Design build up beneath the base plate within the pile casing
To leave space for the steel shear keys beneath the base plates the pile concrete cut-off level was left short of the top of the casing. The process for installing the base plates became a 6 stage operation as follows:
- Prepare the pile head as handed over by scabbling the surface and extending the rebar cage where required. Pour C70/85 concrete to achieve desired pile level, ~50mm below the bottom of the shear key.
- Install a 10mm steel levelling plate.
- Grout beneath the levelling plate using a high strength (100MPa) ‘non-shrink’ grout.
- Install the main baseplate with shear key and temporary works.
- Pour C70/85 concrete to within 100mm of the bottom of base plate.
- Pour high strength grout (100MPa) beneath the bearing surface of the base plate (max 100mm thickness) and up the sides to top of steel. Grout was specified to ensure full dispersal of the mix beneath the plate to ensure full contact with the bearing surface to satisfy the design bearing pressures from the column into the pile.
All stages had gone as planned until the final (and most important) stage.
The Execution
Unfortunately, our ‘specialist’ sub-sub-contractors clearly didn’t get the memo (or any training in mixing grout it seems). While mixing the bagged grout on site they ignored quality procedures and, following a mechanical failure with the volumetric doser, ended up adding water to the mix using the ever accurate bucket method.

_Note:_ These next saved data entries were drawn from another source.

lemma radius_lower:
  assumes "0 < n" "c ^ 3 \<le> n * 10^6" "(2::nat) ^ p \<le> n ^ 10"
  shows "real (2 * c * p) / 1000 \<le> 2 * real n powr (1/3) * log 2 (real n)"
proof -
  have "real c / 100 \<le> real n powr (1/3)"
    by (rule cbrt_lower) (use of_nat_mono[OF assms(2)] in \<open>simp_all add: power_divide\<close>)
  moreover have "real p / real (10::nat) \<le> log 2 (real n)"
    by (rule log2_lower) (use assms of_nat_mono[OF assms(3)] in simp_all)
  ultimately have "2 * (real c / 100) * (real p / 10) \<le> 2 * real n powr (1/3) * log 2 (real n)"
    by (intro mult_mono) simp_all
  then show ?thesis by simp
qed

lemma radius_small:
  assumes "2 \<le> n" "n \<le> 4"
  shows "real n + 1/2 \<le> 2 * real n powr (1/3) * log 2 (real n)"
proof -
  consider "n = 2" | "n = 3" | "n = 4" using assms by linarith
  then show ?thesis
  proof cases
    case 1 then show ?thesis using radius_lower[of n 125 10] by (simp add: mult_ac)
  next
    case 2 then show ?thesis using radius_lower[of n 144 15] by (simp add: mult_ac)
  next
    case 3 then show ?thesis using radius_lower[of n 158 20] by (simp add: mult_ac)
  qed
qed

lemma decay_certificate:
  assumes "n1 \<le> n" "n \<le> n2" "0 < n1" "c ^ 3 \<le> n1 * 10^6" "(2::nat) ^ p \<le> n1 ^ 10"
    "(T + 1) * 1000 \<le> 2 * c * p" "2 * n2 * 5 ^ n2 < 4 ^ n2 * (2::nat) ^ T"
  shows "2 * real n * (5/4) ^ n / 2 ^ nat \<lfloor>2 * real n powr (1/3) * log 2 (real n) - 1\<rfloor> < 1"
proof -
  define R where "R = 2 * real n powr (1/3) * log 2 (real n)"
  have "c ^ 3 \<le> n * 10^6" "(2::nat) ^ p \<le> n ^ 10"
    using assms(1,4,5) order.trans[OF assms(5) power_mono[OF assms(1)]] by (auto intro: le_trans)
  then have "real (2 * c * p) / 1000 \<le> R" unfolding R_def by (intro radius_lower) (use assms in auto)
  moreover have "real (T + 1) \<le> real (2 * c * p) / 1000"
    using assms(6) of_nat_le_iff[of "(T + 1) * 1000" "2 * c * p", where 'a = real] by simp
  ultimately have T: "T \<le> nat \<lfloor>R - 1\<rfloor>" by linarith
  have "2 * real n * (5/4) ^ n \<le> 2 * real n2 * (5/4) ^ n2"
    using assms(2) by (intro mult_mono power_increasing) auto
  also have "\<dots> < 2 ^ T"
    using assms(7) of_nat_less_iff[of "2 * n2 * 5 ^ n2" "4 ^ n2 * 2 ^ T", where 'a = real]
    by (simp add: power_divide field_simps)
  also have "\<dots> \<le> 2 ^ nat \<lfloor>R - 1\<rfloor>" using T by (intro power_increasing) auto
  finally show ?thesis unfolding R_def by simp
qed

lemma radius_mid:
  assumes "5 \<le> n" "n \<le> 307"
  shows "2 * real n * (5/4) ^ n / 2 ^ nat \<lfloor>2 * real n powr (1/3) * log 2 (real n) - 1\<rfloor> < 1"
proof -
  consider "n \<le> 6" | "7 \<le> n \<and> n \<le> 13" | "14 \<le> n \<and> n \<le> 33" | "34 \<le> n \<and> n \<le> 73"
    | "74 \<le> n \<and> n \<le> 130" | "131 \<le> n \<and> n \<le> 187" | "188 \<le> n \<and> n \<le> 233"
    | "234 \<le> n \<and> n \<le> 266" | "267 \<le> n \<and> n \<le> 285" | "286 \<le> n \<and> n \<le> 297"
    | "298 \<le> n \<and> n \<le> 306" | "n = 307" using assms by linarith
  then show ?thesis
  proof cases
    case 1 show ?thesis by (rule decay_certificate[of 5 n 6 170 23 6]) (use assms 1 in simp_all)
  next
    case 2 show ?thesis by (rule decay_certificate[of 7 n 13 191 28 9]) (use 2 in simp_all)
  next
    case 3 show ?thesis by (rule decay_certificate[of 14 n 33 241 38 17]) (use 3 in simp_all)
  next
    case 4 show ?thesis by (rule decay_certificate[of 34 n 73 323 50 31]) (use 4 in simp_all)
  next
    case 5 show ?thesis by (rule decay_certificate[of 74 n 130 419 62 50]) (use 5 in simp_all)
  next
    case 6 show ?thesis by (rule decay_certificate[of 131 n 187 507 70 69]) (use 6 in simp_all)
  next
    case 7 show ?thesis by (rule decay_certificate[of 188 n 233 572 75 84]) (use 7 in simp_all)
  next
    case 8 show ?thesis by (rule decay_certificate[of 234 n 266 616 78 95]) (use 8 in simp_all)
  next
    case 9 show ?thesis by (rule decay_certificate[of 267 n 285 643 80 101]) (use 9 in simp_all)
  next
    case 10 show ?thesis by (rule decay_certificate[of 286 n 297 658 81 105]) (use 10 in simp_all)
  next
    case 11 show ?thesis by (rule decay_certificate[of 298 n 306 667 82 108]) (use 11 in simp_all)
  next
    case 12 show ?thesis by (rule decay_certificate[of 307 n 307 674 82 109]) (use 12 in simp_all)
  qed
qed

(* Numerics of the chain for n = t^3 and block length d ~ 2t: the value b1 at d, the value b0 at
   0, and finally the value bk at k d, which is below 2t once k is large enough. *)
lemma first_link_bound:
  fixes t d b0 b1 :: real
  assumes t: "0 < t" and d: "2 * t \<le> d"
    and B1: "(d * b1)\<^sup>2 \<le> t ^ 3 * (t ^ 3 * b0 / 3)" and b0: "0 \<le> b0"
  shows "b1\<^sup>2 \<le> t ^ 4 * b0 / 12"
proof -
  have "(2 * t)\<^sup>2 \<le> d\<^sup>2" by (rule power_mono) (use d t in auto)
  then have "b1\<^sup>2 * (4 * t\<^sup>2) \<le> b1\<^sup>2 * d\<^sup>2" by (intro mult_left_mono) (simp_all add: power_mult_distrib)
  then have "t\<^sup>2 * (12 * b1\<^sup>2) \<le> 3 * (d * b1)\<^sup>2"
    by (simp add: power_mult_distrib algebra_simps)
  also have "\<dots> \<le> t\<^sup>2 * (t ^ 4 * b0)"
    using B1 by (simp add: power_add[symmetric] algebra_simps)
  finally have "t\<^sup>2 * (12 * b1\<^sup>2) \<le> t\<^sup>2 * (t ^ 4 * b0)" .
  then have "12 * b1\<^sup>2 \<le> t ^ 4 * b0" using t by (simp only: mult_le_cancel_left_pos zero_less_power)
  then show ?thesis by simp
qed

(* The value at 0 is at most (131/50) t^4: combining b0 <= b1 + t^3 d with the bound on b1^2
   leads to a quadratic inequality that fails above this value. *)
lemma origin_bound:
  fixes t d b0 b1 :: real
  assumes t: "27/4 \<le> t" and d: "2 * t \<le> d" "d \<le> 2 * t + 1"
    and B1: "(d * b1)\<^sup>2 \<le> t ^ 3 * (t ^ 3 * b0 / 3)" and B2: "b0 \<le> b1 + t ^ 3 * d"
    and nonneg: "0 \<le> b1" "0 \<le> b0"
  shows "b0 \<le> 131/50 * t ^ 4"
proof (rule ccontr)
  assume "\<not> b0 \<le> 131/50 * t ^ 4"
  define T4 where "T4 = t ^ 4"
  define z where "z = b0 - 58/27 * T4"
  define y0 :: real where "y0 = 637/1350"
  have T4: "0 < T4" using t by (simp add: T4_def)
  have "t ^ 3 * d \<le> t ^ 3 * (2 * t + 1)" using d t by (intro mult_left_mono) auto
  also have "\<dots> \<le> 58/27 * T4"
    using mult_left_mono[of "27/4" t "t ^ 3"] t by (simp add: T4_def eval_nat_numeral algebra_simps)
  finally have "z \<le> b1" using B2 by (simp add: z_def)
  have z: "y0 * T4 < z" using \<open>\<not> b0 \<le> 131/50 * t ^ 4\<close> by (simp add: z_def y0_def T4_def)
  then have "0 < z" using T4 by (simp add: y0_def)
  have "z\<^sup>2 \<le> b1\<^sup>2" using \<open>z \<le> b1\<close> \<open>0 < z\<close> by (intro power_mono) auto
  also have "\<dots> \<le> T4 * b0 / 12"
    using first_link_bound[OF _ d(1) B1 nonneg(2)] t by (simp add: T4_def)
  also have "\<dots> = T4 * z / 12 + 58/324 * (T4 * T4)" by (simp add: z_def field_simps)
  finally have upper: "z * (z - T4 / 12) \<le> 58/324 * (T4 * T4)"
    by (simp add: power2_eq_square algebra_simps)
  have "y0 * T4 * (y0 * T4 - T4 / 12) < z * (z - T4 / 12)"
    using z \<open>0 < z\<close> T4 by (intro mult_strict_mono) (simp_all add: y0_def)
  moreover have "58/324 * (T4 * T4) \<le> y0 * T4 * (y0 * T4 - T4 / 12)"
    using T4 by (simp add: y0_def algebra_simps)
  ultimately show False using upper by simp
qed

The result is unlikely to surprise anyone. The grout was considerably over watered and separated in the pile casing. The cementitious content has fallen to the bottom topped by a layer of polymer additives, all submerged under 90 mm of bleed water.
Bleed water from the separated grout pour
There were immediate concerns over the strength of this grout layer and the 7-day cube result shows 39.1 MPa against a forecast compressive strength at this age of 75 MPa and a design target strength (28 day) of 85 MPa. This raises all the usual issues with failed quality tests but owing to the criticality of this bearing surface a remediation plan must be put in place within the month. Any longer than that and the designers cannot guarantee the structure for further steel erection – all of which is on the critical path.
With no float left in the programme following delays elsewhere (see my earlier blog on off-site programme) any critical delay to the programme will incur damages and costs totalling close to £1M per week.
So what are the options?
The Hope
Owing to the cause of this non-conformance (over-watering) there is no confidence that the cube result represents the in situ condition so additional testing is required. We will also take smaller core samples through the base plate’s vent holes to ascertain the profile of the grout across the bearing surface (see below).
I have uploaded an In Situ Testing Techniques guide from one of our sub-contractors for interest but for this problem we are taking simple core samples for compressive strength testing (BS EN 12504).
Core locations in failed grout layer
The hope is that a core can return a result approaching 50MPa and that the design engineer can justify this reduction in strength from the design. I suspect this is highly unlikely on both counts so what is the fall back?
The Contingency
The only fall back is to remove the grout but the access is extremely difficult. The current proposal is for hydro demolition with a curved lance to access the gap between the casing and the base plate. This is currently under review but adjusting the power of the lance should allow for the removal of the weak grout without damaging the concrete of steel beneath.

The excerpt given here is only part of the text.